Tally the lines in these records that hold the string "unfolding", and reply with the number alone.

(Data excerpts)
= = = = =

lemma pushforward_map_key:
  assumes "inj h" "Poly_Mapping.keys q \<subseteq> range h"
  shows "pushforward h (Poly_Mapping.map_key h q) = q"
proof (rule poly_mapping_eqI)
  fix y
  show "Poly_Mapping.lookup (pushforward h (Poly_Mapping.map_key h q)) y = Poly_Mapping.lookup q y"
  proof (cases "y \<in> range h")
    case True
    then show ?thesis using assms(1) by (auto simp: lookup_pushforward_inj map_key.rep_eq)
  next
    case False
    then show ?thesis using assms(2) by (auto simp: lookup_pushforward_not_in_range in_keys_iff)
  qed
qed

lemma mdvd_pushforward_iff:
  assumes "inj h"
  shows "mdvd (pushforward h a) (pushforward h b) \<longleftrightarrow> mdvd a b"
proof
  assume "mdvd (pushforward h a) (pushforward h b)"
  then obtain c where "pushforward h b = pushforward h a + c" by (auto simp: mdvd_def)
  then have "b = a + Poly_Mapping.map_key h c"
    using assms by (metis map_key_plus map_key_pushforward)
  then show "mdvd a b" by (auto simp: mdvd_def)
qed (auto simp: mdvd_def pushforward_add)

definition restrict_keys :: "'a set \<Rightarrow> ('a \<Rightarrow>\<^sub>0 'b::zero) \<Rightarrow> ('a \<Rightarrow>\<^sub>0 'b)" where
  "restrict_keys X q = Abs_poly_mapping (\<lambda>x. Poly_Mapping.lookup q x when x \<in> X)"

lemma lookup_restrict_keys:
  "Poly_Mapping.lookup (restrict_keys X q) x = (Poly_Mapping.lookup q x when x \<in> X)"
proof -
  have "finite {x. (Poly_Mapping.lookup q x when x \<in> X) \<noteq> 0}"
    by (rule finite_subset[OF _ finite_keys[of q]]) (auto simp: in_keys_iff)
  then show ?thesis by (simp add: restrict_keys_def)
qed

lemma keys_restrict_keys: "Poly_Mapping.keys (restrict_keys X q) = Poly_Mapping.keys q \<inter> X"
  by (auto simp: in_keys_iff lookup_restrict_keys)

lemma restrict_keys_zero [simp]: "restrict_keys X 0 = 0"
  using keys_restrict_keys[of X 0] by simp

lemma pushforward_restrict_keys_vimage:
  "pushforward h (restrict_keys (h -` Y) q) = restrict_keys Y (pushforward h q)"
proof (rule poly_mapping_eqI)
  fix y
  have "Poly_Mapping.keys (restrict_keys (h -` Y) q) \<subseteq> Poly_Mapping.keys q"
    by (simp add: keys_restrict_keys)
  then have "Poly_Mapping.lookup (pushforward h (restrict_keys (h -` Y) q)) y =
      (\<Sum>x\<in>Poly_Mapping.keys q. (Poly_Mapping.lookup q x when h x \<in> Y) when h x = y)"
    by (simp add: lookup_pushforward[OF finite_keys] lookup_restrict_keys)
  also have "\<dots> = Poly_Mapping.lookup (restrict_keys Y (pushforward h q)) y"
    by (auto simp: lookup_restrict_keys lookup_pushforward[OF finite_keys subset_refl] when_def
        intro: sum.cong sum.neutral)
  finally show "Poly_Mapping.lookup (pushforward h (restrict_keys (h -` Y) q)) y =
      Poly_Mapping.lookup (restrict_keys Y (pushforward h q)) y" .
qed

section \<open>Term orders and leading monomials\<close>

lemma term_orderD:
  assumes "term_order V lt"
  shows term_order_irrefl: "mon_in V a \<Longrightarrow> \<not> lt a a"
    and term_order_trans: "mon_in V a \<Longrightarrow> mon_in V b \<Longrightarrow> mon_in V c \<Longrightarrow> lt a b \<Longrightarrow> lt b c \<Longrightarrow> lt a c"
    and term_order_total: "mon_in V a \<Longrightarrow> mon_in V b \<Longrightarrow> a \<noteq> b \<Longrightarrow> lt a b \<or> lt b a"
    and term_order_zero_least: "mon_in V a \<Longrightarrow> a \<noteq> 0 \<Longrightarrow> lt 0 a"
    and term_order_add_right: "mon_in V a \<Longrightarrow> mon_in V b \<Longrightarrow> mon_in V c \<Longrightarrow> lt a b \<Longrightarrow> lt (a + c) (b + c)"
  using assms unfolding term_order_def by blast+

lemma term_order_subset: "V \<subseteq> W \<Longrightarrow> term_order W lt \<Longrightarrow> term_order V lt"
  unfolding term_order_def mon_in_def by (meson order_trans)

lemma keys_add_nat: "Poly_Mapping.keys (a + b :: 'a \<Rightarrow>\<^sub>0 nat) = Poly_Mapping.keys a \<union> Poly_Mapping.keys b"
  by (auto simp: in_keys_iff lookup_add)

lemma term_order_pullback:
  assumes "inj h" and ord: "term_order (h ` V) lt"
  shows "term_order V (\<lambda>a b. lt (pushforward h a) (pushforward h b))"
proof -
  let ?h = "pushforward h :: (_ \<Rightarrow>\<^sub>0 nat) \<Rightarrow> _"
  have mon: "mon_in (h ` V) (?h a)" if "mon_in V a" for a
    using that \<open>inj h\<close> by (auto simp: mon_in_def keys_pushforward)
  have inj: "inj ?h" by (rule inj_pushforward[OF \<open>inj h\<close>])
  show ?thesis
    unfolding term_order_def
  proof (intro conjI allI impI)
    fix a assume "mon_in V a"
    then show "\<not> lt (?h a) (?h a)" by (intro term_order_irrefl[OF ord] mon)
  next
    fix a b c assume "mon_in V a" "mon_in V b" "mon_in V c" "lt (?h a) (?h b)" "lt (?h b) (?h c)"
    then show "lt (?h a) (?h c)" using term_order_trans[OF ord] mon by blast
  next
    fix a b assume "mon_in V a" "mon_in V b" "a \<noteq> b"
    then show "lt (?h a) (?h b) \<or> lt (?h b) (?h a)"
      using term_order_total[OF ord] mon inj_eq[OF inj] by blast
  next
    fix a assume "mon_in V a" "a \<noteq> 0"
    then show "lt (?h 0) (?h a)"
      using term_order_zero_least[OF ord mon] pushforward_eq_0_iff[OF \<open>inj h\<close>] by auto
  next
    fix a b c assume "mon_in V a" "mon_in V b" "mon_in V c" "lt (?h a) (?h b)"
    then show "lt (?h (a + c)) (?h (b + c))"
      using term_order_add_right[OF ord] mon by (simp add: pushforward_add)
  qed
qed

lemma lt_of_mdvd:
  assumes "term_order V lt" "mon_in V b" "mdvd a b" "a \<noteq> b"
  shows "lt a b"
proof -
  obtain c where b: "b = a + c" using assms(3) by (auto simp: mdvd_def)
  with assms(2) have "mon_in V a" "mon_in V c" by (auto simp: mon_in_def keys_add_nat)
  moreover have "c \<noteq> 0" using b assms(4) by auto
  moreover have "mon_in V 0" by (simp add: mon_in_def)
  ultimately have "lt (0 + a) (c + a)"
    by (meson term_order_add_right term_order_zero_least assms(1))
  then show ?thesis by (simp add: b add.commute)
qed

= = = = =

### Exercise solution
3